- TASK REQUIREMENTS -
Looking at the data that follows, count the lines containing the word "auto" and write down only that count.

- GIVEN DATA -
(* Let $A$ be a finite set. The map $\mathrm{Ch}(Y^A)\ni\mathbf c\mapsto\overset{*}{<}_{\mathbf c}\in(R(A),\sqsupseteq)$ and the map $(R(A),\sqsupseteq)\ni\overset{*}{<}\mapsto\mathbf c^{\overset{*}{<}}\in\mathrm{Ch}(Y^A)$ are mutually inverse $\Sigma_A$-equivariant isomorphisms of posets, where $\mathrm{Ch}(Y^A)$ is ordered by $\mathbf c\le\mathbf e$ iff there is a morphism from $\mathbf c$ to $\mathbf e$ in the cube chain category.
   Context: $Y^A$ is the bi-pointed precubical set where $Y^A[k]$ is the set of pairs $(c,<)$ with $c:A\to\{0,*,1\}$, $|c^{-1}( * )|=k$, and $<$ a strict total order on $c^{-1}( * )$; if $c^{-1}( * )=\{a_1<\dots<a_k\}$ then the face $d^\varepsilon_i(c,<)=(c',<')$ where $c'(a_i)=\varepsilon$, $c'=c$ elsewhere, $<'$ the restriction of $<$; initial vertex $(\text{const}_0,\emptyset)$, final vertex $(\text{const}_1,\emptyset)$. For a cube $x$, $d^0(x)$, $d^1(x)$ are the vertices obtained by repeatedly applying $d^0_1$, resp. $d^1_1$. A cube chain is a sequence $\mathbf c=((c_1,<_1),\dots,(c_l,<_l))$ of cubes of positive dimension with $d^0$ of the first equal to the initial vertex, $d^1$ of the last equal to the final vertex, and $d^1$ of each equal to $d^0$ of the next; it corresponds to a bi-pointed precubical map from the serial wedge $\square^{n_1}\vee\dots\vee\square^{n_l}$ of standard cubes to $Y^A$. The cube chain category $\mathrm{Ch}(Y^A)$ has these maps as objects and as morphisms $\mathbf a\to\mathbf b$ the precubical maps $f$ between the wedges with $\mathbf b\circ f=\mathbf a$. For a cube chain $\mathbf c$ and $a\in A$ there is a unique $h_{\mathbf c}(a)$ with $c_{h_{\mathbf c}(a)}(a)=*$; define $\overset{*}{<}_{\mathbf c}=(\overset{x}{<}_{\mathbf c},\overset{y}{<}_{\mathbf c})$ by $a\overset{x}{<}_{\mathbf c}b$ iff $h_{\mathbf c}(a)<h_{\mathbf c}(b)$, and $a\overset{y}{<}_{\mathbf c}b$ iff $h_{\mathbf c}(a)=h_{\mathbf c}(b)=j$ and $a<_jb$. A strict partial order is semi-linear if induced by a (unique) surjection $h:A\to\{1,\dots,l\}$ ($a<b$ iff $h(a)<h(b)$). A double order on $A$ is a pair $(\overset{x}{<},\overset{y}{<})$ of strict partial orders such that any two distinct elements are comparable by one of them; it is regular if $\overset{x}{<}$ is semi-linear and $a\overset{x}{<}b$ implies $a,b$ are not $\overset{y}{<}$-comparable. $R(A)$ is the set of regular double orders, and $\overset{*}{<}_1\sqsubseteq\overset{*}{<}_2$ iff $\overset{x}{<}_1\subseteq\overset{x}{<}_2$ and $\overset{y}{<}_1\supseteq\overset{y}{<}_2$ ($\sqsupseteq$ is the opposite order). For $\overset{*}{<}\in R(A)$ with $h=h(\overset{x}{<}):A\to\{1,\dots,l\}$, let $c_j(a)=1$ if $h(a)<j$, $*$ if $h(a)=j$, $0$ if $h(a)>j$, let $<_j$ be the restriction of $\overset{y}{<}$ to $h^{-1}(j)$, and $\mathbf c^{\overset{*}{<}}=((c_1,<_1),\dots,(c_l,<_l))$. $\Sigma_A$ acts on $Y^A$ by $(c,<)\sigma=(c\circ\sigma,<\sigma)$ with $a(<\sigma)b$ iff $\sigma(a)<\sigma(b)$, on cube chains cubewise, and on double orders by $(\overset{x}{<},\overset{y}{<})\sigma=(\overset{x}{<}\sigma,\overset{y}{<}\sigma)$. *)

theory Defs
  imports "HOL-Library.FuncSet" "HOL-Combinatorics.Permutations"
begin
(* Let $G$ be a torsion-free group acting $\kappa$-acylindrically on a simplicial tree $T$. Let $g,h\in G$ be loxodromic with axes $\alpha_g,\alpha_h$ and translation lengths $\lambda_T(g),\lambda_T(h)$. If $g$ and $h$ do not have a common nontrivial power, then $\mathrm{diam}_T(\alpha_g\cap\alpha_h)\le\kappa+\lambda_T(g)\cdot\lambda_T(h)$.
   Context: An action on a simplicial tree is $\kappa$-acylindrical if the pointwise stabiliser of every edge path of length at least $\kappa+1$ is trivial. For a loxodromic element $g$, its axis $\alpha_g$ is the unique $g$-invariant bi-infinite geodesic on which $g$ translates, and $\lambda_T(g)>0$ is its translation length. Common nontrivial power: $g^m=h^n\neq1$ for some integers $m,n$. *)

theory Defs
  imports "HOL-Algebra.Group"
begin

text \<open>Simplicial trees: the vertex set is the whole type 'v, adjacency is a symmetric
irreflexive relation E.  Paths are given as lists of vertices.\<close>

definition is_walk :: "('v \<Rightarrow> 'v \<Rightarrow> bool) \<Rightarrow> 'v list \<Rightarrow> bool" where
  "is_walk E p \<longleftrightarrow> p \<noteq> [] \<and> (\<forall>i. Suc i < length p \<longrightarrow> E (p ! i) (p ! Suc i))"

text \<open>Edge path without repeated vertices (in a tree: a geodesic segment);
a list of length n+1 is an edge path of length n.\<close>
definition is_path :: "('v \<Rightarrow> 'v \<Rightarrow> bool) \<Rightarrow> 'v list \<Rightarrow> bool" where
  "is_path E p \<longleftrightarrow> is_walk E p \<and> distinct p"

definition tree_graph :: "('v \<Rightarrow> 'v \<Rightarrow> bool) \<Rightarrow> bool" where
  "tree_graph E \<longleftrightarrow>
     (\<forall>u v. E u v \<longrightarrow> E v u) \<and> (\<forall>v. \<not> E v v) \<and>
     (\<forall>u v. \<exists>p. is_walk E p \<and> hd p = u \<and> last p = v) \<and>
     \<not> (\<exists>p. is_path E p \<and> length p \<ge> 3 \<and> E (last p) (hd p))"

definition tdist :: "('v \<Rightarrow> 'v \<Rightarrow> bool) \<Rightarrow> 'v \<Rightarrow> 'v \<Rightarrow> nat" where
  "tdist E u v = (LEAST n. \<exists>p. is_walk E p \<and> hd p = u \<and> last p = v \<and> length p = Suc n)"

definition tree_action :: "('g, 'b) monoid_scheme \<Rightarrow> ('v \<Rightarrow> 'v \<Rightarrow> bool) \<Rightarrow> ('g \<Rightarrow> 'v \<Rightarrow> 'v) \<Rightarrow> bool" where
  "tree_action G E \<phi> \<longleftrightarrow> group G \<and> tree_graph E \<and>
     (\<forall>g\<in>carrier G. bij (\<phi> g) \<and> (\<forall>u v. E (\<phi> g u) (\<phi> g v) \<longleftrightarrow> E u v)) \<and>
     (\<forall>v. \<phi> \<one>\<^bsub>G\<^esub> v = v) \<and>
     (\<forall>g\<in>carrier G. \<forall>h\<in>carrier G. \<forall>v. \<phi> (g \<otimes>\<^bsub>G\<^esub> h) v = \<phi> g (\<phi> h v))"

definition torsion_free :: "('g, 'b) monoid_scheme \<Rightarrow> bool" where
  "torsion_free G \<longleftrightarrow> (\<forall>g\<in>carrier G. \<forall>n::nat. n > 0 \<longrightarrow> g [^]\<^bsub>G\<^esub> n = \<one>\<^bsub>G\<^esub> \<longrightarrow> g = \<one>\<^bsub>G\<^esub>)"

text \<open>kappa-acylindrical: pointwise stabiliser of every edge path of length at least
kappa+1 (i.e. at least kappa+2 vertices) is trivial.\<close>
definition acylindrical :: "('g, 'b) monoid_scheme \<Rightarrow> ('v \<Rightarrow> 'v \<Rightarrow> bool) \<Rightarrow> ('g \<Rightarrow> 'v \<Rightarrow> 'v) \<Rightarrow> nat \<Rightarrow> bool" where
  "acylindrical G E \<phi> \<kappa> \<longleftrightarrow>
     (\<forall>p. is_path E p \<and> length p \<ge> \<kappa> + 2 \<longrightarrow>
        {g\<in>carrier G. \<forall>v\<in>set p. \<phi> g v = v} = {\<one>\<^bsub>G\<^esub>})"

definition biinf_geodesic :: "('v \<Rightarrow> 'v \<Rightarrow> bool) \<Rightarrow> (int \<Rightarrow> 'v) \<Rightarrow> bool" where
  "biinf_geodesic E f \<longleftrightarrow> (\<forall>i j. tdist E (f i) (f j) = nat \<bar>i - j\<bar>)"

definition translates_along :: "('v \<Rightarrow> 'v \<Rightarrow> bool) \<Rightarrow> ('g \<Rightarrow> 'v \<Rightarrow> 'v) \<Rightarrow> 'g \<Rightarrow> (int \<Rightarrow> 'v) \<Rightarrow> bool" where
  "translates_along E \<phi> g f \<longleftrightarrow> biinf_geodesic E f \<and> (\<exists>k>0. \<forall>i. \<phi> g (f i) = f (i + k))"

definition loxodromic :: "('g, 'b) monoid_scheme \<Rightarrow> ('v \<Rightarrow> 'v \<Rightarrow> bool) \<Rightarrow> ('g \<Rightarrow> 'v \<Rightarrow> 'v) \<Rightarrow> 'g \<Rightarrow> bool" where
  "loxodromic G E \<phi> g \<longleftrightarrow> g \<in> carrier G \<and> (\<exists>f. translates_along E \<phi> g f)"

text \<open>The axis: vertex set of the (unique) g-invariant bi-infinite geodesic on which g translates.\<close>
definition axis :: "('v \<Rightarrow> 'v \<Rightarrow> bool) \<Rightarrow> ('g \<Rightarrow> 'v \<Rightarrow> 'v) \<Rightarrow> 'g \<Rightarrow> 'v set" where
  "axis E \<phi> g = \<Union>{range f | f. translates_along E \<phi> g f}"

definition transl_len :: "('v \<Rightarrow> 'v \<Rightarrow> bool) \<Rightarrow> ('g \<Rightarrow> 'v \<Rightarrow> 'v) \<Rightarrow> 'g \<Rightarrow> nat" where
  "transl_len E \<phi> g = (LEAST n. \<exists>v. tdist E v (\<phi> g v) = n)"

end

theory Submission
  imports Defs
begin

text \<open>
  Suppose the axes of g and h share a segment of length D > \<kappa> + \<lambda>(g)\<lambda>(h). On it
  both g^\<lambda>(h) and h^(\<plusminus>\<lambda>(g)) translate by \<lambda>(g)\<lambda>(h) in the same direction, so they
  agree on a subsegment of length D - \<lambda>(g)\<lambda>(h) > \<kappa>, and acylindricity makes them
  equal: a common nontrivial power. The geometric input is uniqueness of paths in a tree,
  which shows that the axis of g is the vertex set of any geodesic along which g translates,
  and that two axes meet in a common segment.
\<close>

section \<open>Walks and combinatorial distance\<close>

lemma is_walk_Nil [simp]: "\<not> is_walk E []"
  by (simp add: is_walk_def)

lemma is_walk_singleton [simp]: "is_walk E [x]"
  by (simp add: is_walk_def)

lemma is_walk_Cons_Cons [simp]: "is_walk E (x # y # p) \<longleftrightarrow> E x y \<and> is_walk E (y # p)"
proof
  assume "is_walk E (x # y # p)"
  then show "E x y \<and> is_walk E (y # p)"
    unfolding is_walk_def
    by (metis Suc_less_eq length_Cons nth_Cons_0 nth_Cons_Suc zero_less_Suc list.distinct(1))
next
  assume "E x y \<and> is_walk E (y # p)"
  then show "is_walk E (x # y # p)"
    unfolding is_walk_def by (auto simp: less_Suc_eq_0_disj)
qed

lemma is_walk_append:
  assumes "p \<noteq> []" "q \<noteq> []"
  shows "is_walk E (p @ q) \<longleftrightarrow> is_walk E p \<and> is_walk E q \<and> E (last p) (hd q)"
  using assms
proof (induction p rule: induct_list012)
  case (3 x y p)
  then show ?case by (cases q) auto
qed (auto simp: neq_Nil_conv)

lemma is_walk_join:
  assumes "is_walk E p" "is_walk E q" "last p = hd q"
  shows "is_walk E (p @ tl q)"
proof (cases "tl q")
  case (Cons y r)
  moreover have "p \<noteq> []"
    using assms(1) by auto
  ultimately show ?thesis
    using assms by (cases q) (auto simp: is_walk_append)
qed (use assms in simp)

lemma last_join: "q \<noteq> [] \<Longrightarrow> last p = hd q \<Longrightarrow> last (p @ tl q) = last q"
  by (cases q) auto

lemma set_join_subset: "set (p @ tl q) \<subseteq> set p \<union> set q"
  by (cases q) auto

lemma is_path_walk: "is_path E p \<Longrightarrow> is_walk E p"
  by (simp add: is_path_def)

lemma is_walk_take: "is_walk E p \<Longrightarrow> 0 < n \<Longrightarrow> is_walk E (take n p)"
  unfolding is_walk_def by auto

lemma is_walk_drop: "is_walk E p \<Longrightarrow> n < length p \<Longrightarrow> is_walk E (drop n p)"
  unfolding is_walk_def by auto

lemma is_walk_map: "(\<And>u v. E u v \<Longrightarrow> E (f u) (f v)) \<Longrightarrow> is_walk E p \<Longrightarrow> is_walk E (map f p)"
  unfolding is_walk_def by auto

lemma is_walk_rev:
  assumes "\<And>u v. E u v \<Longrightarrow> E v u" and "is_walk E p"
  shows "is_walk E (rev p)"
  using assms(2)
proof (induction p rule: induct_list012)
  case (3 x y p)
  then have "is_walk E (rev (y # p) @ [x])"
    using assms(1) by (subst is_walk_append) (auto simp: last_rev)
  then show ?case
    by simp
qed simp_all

- TASK ANSWER -
11